» PROVIDED ENTRIES

(* Let $f:\mathbb{R}^n\to\mathbb{R}$ be convex and continuously differentiable with locally Lipschitz gradient, with $\mathcal{X}^*:=\arg\min f\neq\emptyset$ and optimal value $f^*$. Fix $x^0$, $\alpha_0>0$, $\theta_0>0$, $\tau\ge1$, $0<\omega\le\frac1{\sqrt2}$, $\gamma_k\in[\gamma_{\min},\gamma_{\max}]\subset(0,\infty)$, and generate $x^{k+1}=x^k-\alpha_k\gamma_k\nabla f(x^k)$ with, for $k\ge1$, $L_k:=\frac{\|\nabla f(x^k)-\nabla f(x^{k-1})\|}{\|x^k-x^{k-1}\|}$, $\alpha_k:=\min\{\frac{\alpha_{k-1}\gamma_{k-1}}{\gamma_k}\sqrt{2(1-\omega^2)+\theta_{k-1}/\tau},\frac{\omega}{\gamma_kL_k}\}$, $\theta_k:=\frac{\alpha_k\gamma_k}{\alpha_{k-1}\gamma_{k-1}}$. Let $\eta:=\mathrm{dist}^2(x^0;\mathcal{X}^* )+2\alpha_0^2\gamma_0^2\|\nabla f(x^0)\|^2+2\alpha_0\gamma_0\theta_0(f(x^0)-f^* )$, let $W:=\overline B(0;R)$ with $R>\sqrt\eta+\mathrm{dist}(x^0;\mathcal{X}^* )+\|x^0\|$, and let $L_W>0$ satisfy $\|\nabla f(x)-\nabla f(y)\|\le L_W\|x-y\|$ on $W$. Then: (a) $\min_{1\le k\le N}\|\nabla f(x^k)\|\le\sqrt{\frac{L_W^2\eta}{N\min\{L_W\alpha_0\gamma_0,\omega\}}}$ for all $N\in\mathbb{N}$, and for every $\varepsilon>0$ the first index $N_{\nabla f}(\varepsilon)$ with $\|\nabla f(x^k)\|\le\varepsilon$ satisfies $N_{\nabla f}(\varepsilon)\le\Big\lceil1+\frac{L_W^2\eta}{\varepsilon^2\min\{L_W\alpha_0\gamma_0,\omega\}}\Big\rceil$; (b) with $f_N^*:=\min\{f(x^k):0\le k\le N\}$, one has $f_N^*-f^*\le\frac{L_W((R+\|x^0\|)^2+\eta)}{2N\min\{L_W\alpha_0\gamma_0,\omega\}}$ for all $N\in\mathbb{N}$, and for every $\varepsilon>0$ the first index $N_f(\varepsilon)$ with $f(x^k)-f^*\le\varepsilon$ satisfies $N_f(\varepsilon)\le\Big\lceil1+\frac{L_W((R+\|x^0\|)^2+\eta)}{2\varepsilon\min\{L_W\alpha_0\gamma_0,\omega\}}\Big\rceil$.
   Context: This is the adaptive scaled gradient algorithm (AdaSGA). $\overline B(0;R)$ is the closed ball; $\mathrm{dist}(x;S)=\inf_{z\in S}\|z-x\|$. *)

theory Defs
  imports "HOL-Analysis.Analysis"
begin

definition locally_lipschitz :: "('a::metric_space \<Rightarrow> 'b::metric_space) \<Rightarrow> bool" where
  "locally_lipschitz g \<longleftrightarrow>
     (\<forall>x. \<exists>r>0. \<exists>L. \<forall>y\<in>ball x r. \<forall>z\<in>ball x r. dist (g y) (g z) \<le> L * dist y z)"

text \<open>Local Lipschitz estimate used by AdaSGA at step k+1 (k+1 \<ge> 1).\<close>
definition adasga_L :: "('a::real_normed_vector \<Rightarrow> 'a) \<Rightarrow> (nat \<Rightarrow> 'a) \<Rightarrow> nat \<Rightarrow> real" where
  "adasga_L g x k = norm (g (x (Suc k)) - g (x k)) / norm (x (Suc k) - x k)"

text \<open>Step size rule; a vanishing estimate L_k = 0 means omega/(gamma_k L_k) = +infinity.\<close>
definition adasga_alpha_next :: "real \<Rightarrow> real \<Rightarrow> real \<Rightarrow> real \<Rightarrow> real \<Rightarrow> real \<Rightarrow> real \<Rightarrow> real" where
  "adasga_alpha_next \<omega> \<tau> a_prev g_prev th_prev g_new Lk =
     (let A = a_prev * g_prev / g_new * sqrt (2 * (1 - \<omega>\<^sup>2) + th_prev / \<tau>)
      in if Lk = 0 then A else min A (\<omega> / (g_new * Lk)))"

» WHAT IS REQUIRED
Go through the material above and output exactly the lines from the one containing "(nat \<Rightarrow> 'a)" through the one containing "a_prev g_prev th_prev".

» RESULT FOR THIS EXERCISE
definition adasga_L :: "('a::real_normed_vector \<Rightarrow> 'a) \<Rightarrow> (nat \<Rightarrow> 'a) \<Rightarrow> nat \<Rightarrow> real" where
  "adasga_L g x k = norm (g (x (Suc k)) - g (x k)) / norm (x (Suc k) - x k)"

text \<open>Step size rule; a vanishing estimate L_k = 0 means omega/(gamma_k L_k) = +infinity.\<close>
definition adasga_alpha_next :: "real \<Rightarrow> real \<Rightarrow> real \<Rightarrow> real \<Rightarrow> real \<Rightarrow> real \<Rightarrow> real \<Rightarrow> real" where
  "adasga_alpha_next \<omega> \<tau> a_prev g_prev th_prev g_new Lk =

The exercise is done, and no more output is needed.